Интересно, касаются ли эти закономерности творческих мест, а не только творческих людей? Шотландия времен Просвещения была раем парадоксов. Мы – британцы и не британцы. Мы – большая нация и маленькая нация. Мы уверены в себе и не уверены в себе. Мы практичны и азартны. Мы – оптимистичные пессимисты. Неудивительно, что именно перу шотландского психиатра принадлежит важная работа «Разделенное "я"». Вся эта нация состоит из разделенных «я», эдаких мастеров Броди.
Куда бы я ни бросил взгляд в Эдинбурге, на прошлое или настоящее, я натыкаюсь на противоречия. К каждому тезису находится антитезис. Но, в отличие от Нильса Бора, я считаю этот парадокс досадным и дискомфортным. Пожалуй, если кто-то и может мне помочь, то это Дэвид Юм – сентиментальный атеист, социальный интроверт, человек мыслей и действия. Его изваяние я нахожу на Королевской миле – главной артерии старого Эдинбурга. Юм, облаченный в античную тогу, выглядит умиротворенным, почти кротким. Кстати, об Античности: шотландцы восхищались греками и доныне любят называть Эдинбург «северными Афинами». (А от местного остряка я услышал даже, что это «Афины были южным Эдинбургом».)
Юм еще больше, чем Смит, был типичным шотландским гением. Человек сильной воли и глубоко неуверенный в себе, компанейский и замкнутый, он стал «первым великим философом Нового времени», пишет историк Артур Херман.
Юм поступил в Эдинбургский университет в 12 лет, что было рано даже по меркам того времени. Поначалу он, следуя желанию семьи, штудировал право, но его «тошнило» при одной мысли о карьере законника, и вскоре он понял, что питает «неодолимое отвращение ко всему, кроме занятий философией и общими знаниями». Родственники думали, что он сидит за учебниками по юриспруденции, а он «тайно поглощал» Цицерона и Вергилия. Ничто не стимулирует интеллект больше, чем запретное знание.

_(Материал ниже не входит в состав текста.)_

lemma card_vectors_of_type:
  assumes "finite I"
  shows "card (vectors_of_type I k s l) =
           (\<Prod>j=1..s. (card {i\<in>I. j \<le> k i} - (\<Sum>t=j+1..s. l t)) choose l j)"
  using assms
proof (induction s arbitrary: I)
  case 0
  then show ?case by (simp add: vectors_of_type_0)
next
  case (Suc s)
  define K where "K = {i\<in>I. Suc s \<le> k i}"
  define T where "T = {S. S \<subseteq> K \<and> card S = l (Suc s)}"
  define top where "top c = {i\<in>I. c i = Suc s}" for c :: "'a \<Rightarrow> nat"
  define P where "P = (\<Prod>j=1..s. (card {i\<in>I. j \<le> k i} - (\<Sum>t=j+1..Suc s. l t)) choose l j)"
  have "finite K" using Suc.prems by (simp add: K_def)
  have top_T: "top ` vectors_of_type I k (Suc s) l \<subseteq> T"
    by (force simp: T_def K_def top_def vectors_of_type_def capped_vectors_def)
  have fibre: "card {c \<in> vectors_of_type I k (Suc s) l. top c = S} = P" if "S \<in> T" for S
  proof -
    have SK: "S \<subseteq> K" and card_S: "card S = l (Suc s)" using that by (auto simp: T_def)
    have "card {c \<in> vectors_of_type I k (Suc s) l. top c = S} = card (vectors_of_type (I - S) k s l)"
      using vectors_of_type_top_level_bij[of S I s k l] SK card_S
      by (auto simp: K_def top_def intro: bij_betw_same_card)
    also have "\<dots> = (\<Prod>j=1..s. (card {i\<in>I - S. j \<le> k i} - (\<Sum>t=j+1..s. l t)) choose l j)"
      using Suc by simp
    also have "\<dots> = P" unfolding P_def
    proof (rule prod.cong[OF refl])
      fix j assume j: "j \<in> {1..s}"
      have "{i\<in>I - S. j \<le> k i} = {i\<in>I. j \<le> k i} - S" "S \<subseteq> {i\<in>I. j \<le> k i}"
        using SK j by (auto simp: K_def)
      then have "card {i\<in>I - S. j \<le> k i} = card {i\<in>I. j \<le> k i} - l (Suc s)"
        using Suc.prems card_S by (simp add: card_Diff_subset finite_subset)
      then show "(card {i\<in>I - S. j \<le> k i} - (\<Sum>t=j+1..s. l t)) choose l j =
          (card {i\<in>I. j \<le> k i} - (\<Sum>t=j+1..Suc s. l t)) choose l j"
        using j by (simp add: add.commute)
    qed
    finally show ?thesis .
  qed
  have "card (vectors_of_type I k (Suc s) l) =
          (\<Sum>S\<in>T. card {c \<in> vectors_of_type I k (Suc s) l. top c = S})"
    using card_eq_sum sum.group[OF _ _ top_T, of "\<lambda>_. 1::nat"] Suc.prems \<open>finite K\<close>
    by (simp add: T_def vectors_of_type_def finite_capped_vectors)
  also have "\<dots> = (card K choose l (Suc s)) * P"
    using fibre n_subsets[OF \<open>finite K\<close>] by (simp add: T_def)
  also have "\<dots> = (\<Prod>j=1..Suc s. (card {i\<in>I. j \<le> k i} - (\<Sum>t=j+1..Suc s. l t)) choose l j)"
    by (simp add: P_def K_def prod.cl_ivl_Suc)
  finally show ?case .
qed

lemma sum_eq_sum_level_counts:
  assumes "finite N" and "c ` N \<subseteq> {0..s}"
  shows "(\<Sum>i\<in>N. c i) = (\<Sum>j=1..s. j * card {i\<in>N. c i = j})"
proof -
  have "(\<Sum>i\<in>N. c i) = (\<Sum>j=0..s. \<Sum>i\<in>{i\<in>N. c i = j}. c i)"
    by (rule sum.group[OF assms(1) finite_atLeastAtMost assms(2), symmetric])
  also have "\<dots> = (\<Sum>j=0..s. j * card {i\<in>N. c i = j})"
    by (rule sum.cong) auto
  finally show ?thesis by (simp add: sum.atLeast_Suc_atMost)
qed

lemma prod_fact_eq_prod_level_counts:
  assumes "finite N" and "c ` N \<subseteq> {0..s}"
  shows "(\<Prod>i\<in>N. fact (c i)) =
           (\<Prod>j=1..s. fact j ^ card {i\<in>N. c i = j} :: 'b::{comm_semiring_1,semiring_char_0})"
proof -
  have "(\<Prod>i\<in>N. fact (c i)) = (\<Prod>j=0..s. \<Prod>i\<in>{i\<in>N. c i = j}. fact (c i) :: 'b)"
    by (rule prod.group[OF assms(1) finite_atLeastAtMost assms(2), symmetric])
  also have "\<dots> = (\<Prod>j=0..s. fact j ^ card {i\<in>N. c i = j})"
    by (rule prod.cong) auto
  finally show ?thesis by (simp add: prod.atLeast_Suc_atMost)
qed

lemma sum_level_counts_from:
  fixes c :: "'a \<Rightarrow> nat"
  assumes "finite N" and "c ` N \<subseteq> {0..s}"
  shows "(\<Sum>t=j..s. card {i\<in>N. c i = t}) = card {i\<in>N. j \<le> c i}"
proof -
  let ?S = "{i\<in>N. j \<le> c i}"
  have "finite ?S" "c ` ?S \<subseteq> {j..s}" using assms by auto
  then have "card ?S = (\<Sum>t=j..s. \<Sum>i\<in>{i\<in>?S. c i = t}. 1)"
    using sum.group[of ?S "{j..s}" c "\<lambda>_. 1::nat"] by auto
  also have "\<dots> = (\<Sum>t=j..s. card {i\<in>N. c i = t})"
    by (rule sum.cong) (auto intro!: arg_cong[where f = card])
  finally show ?thesis ..
qed

definition multiset_of_counts :: "('i \<Rightarrow> 'a) \<Rightarrow> 'i set \<Rightarrow> ('i \<Rightarrow> nat) \<Rightarrow> 'a multiset" where
  "multiset_of_counts a N c = (\<Sum>i\<in>N. replicate_mset (c i) (a i))"

lemma count_multiset_of_counts:
  assumes "finite N" "inj_on a N" "j \<in> N"
  shows "count (multiset_of_counts a N c) (a j) = c j"
proof -
  have "count (multiset_of_counts a N c) (a j) = (\<Sum>i\<in>N. if i = j then c i else 0)"
    unfolding multiset_of_counts_def count_sum
    using assms(2,3) by (intro sum.cong) (auto dest: inj_onD)
  then show ?thesis using assms(1,3) by simp
qed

Некоторые из своих лучших работ Юм написал еще в молодости. Ему и тридцати не было, когда он опубликовал «Трактат о человеческой природе». Правда, книга «провалилась, едва успев выйти из печати», как впоследствии вспоминал Юм. Но молодой философ не сдавался (гений есть гений!) и вскоре стал широко известен в Британии и других странах. В наши дни «Трактат» входит в круг философской классики.
Юм исследовал процесс познания. Откуда мы черпаем знания? Он поставил ряд мысленных экспериментов и пришел к радикальному для своего времени выводу: всякое знание начинается с непосредственного опыта – впечатлений, и только впечатлений. Восприняв экспериментальный метод Исаака Ньютона, Юм применил его к перипетиям человеческой жизни. Он ставил опыты на самом себе: скажем, по нескольку дней обходился без еды, чтобы выяснить реакцию мозга на голод. Он пытался создать «науку о человеке».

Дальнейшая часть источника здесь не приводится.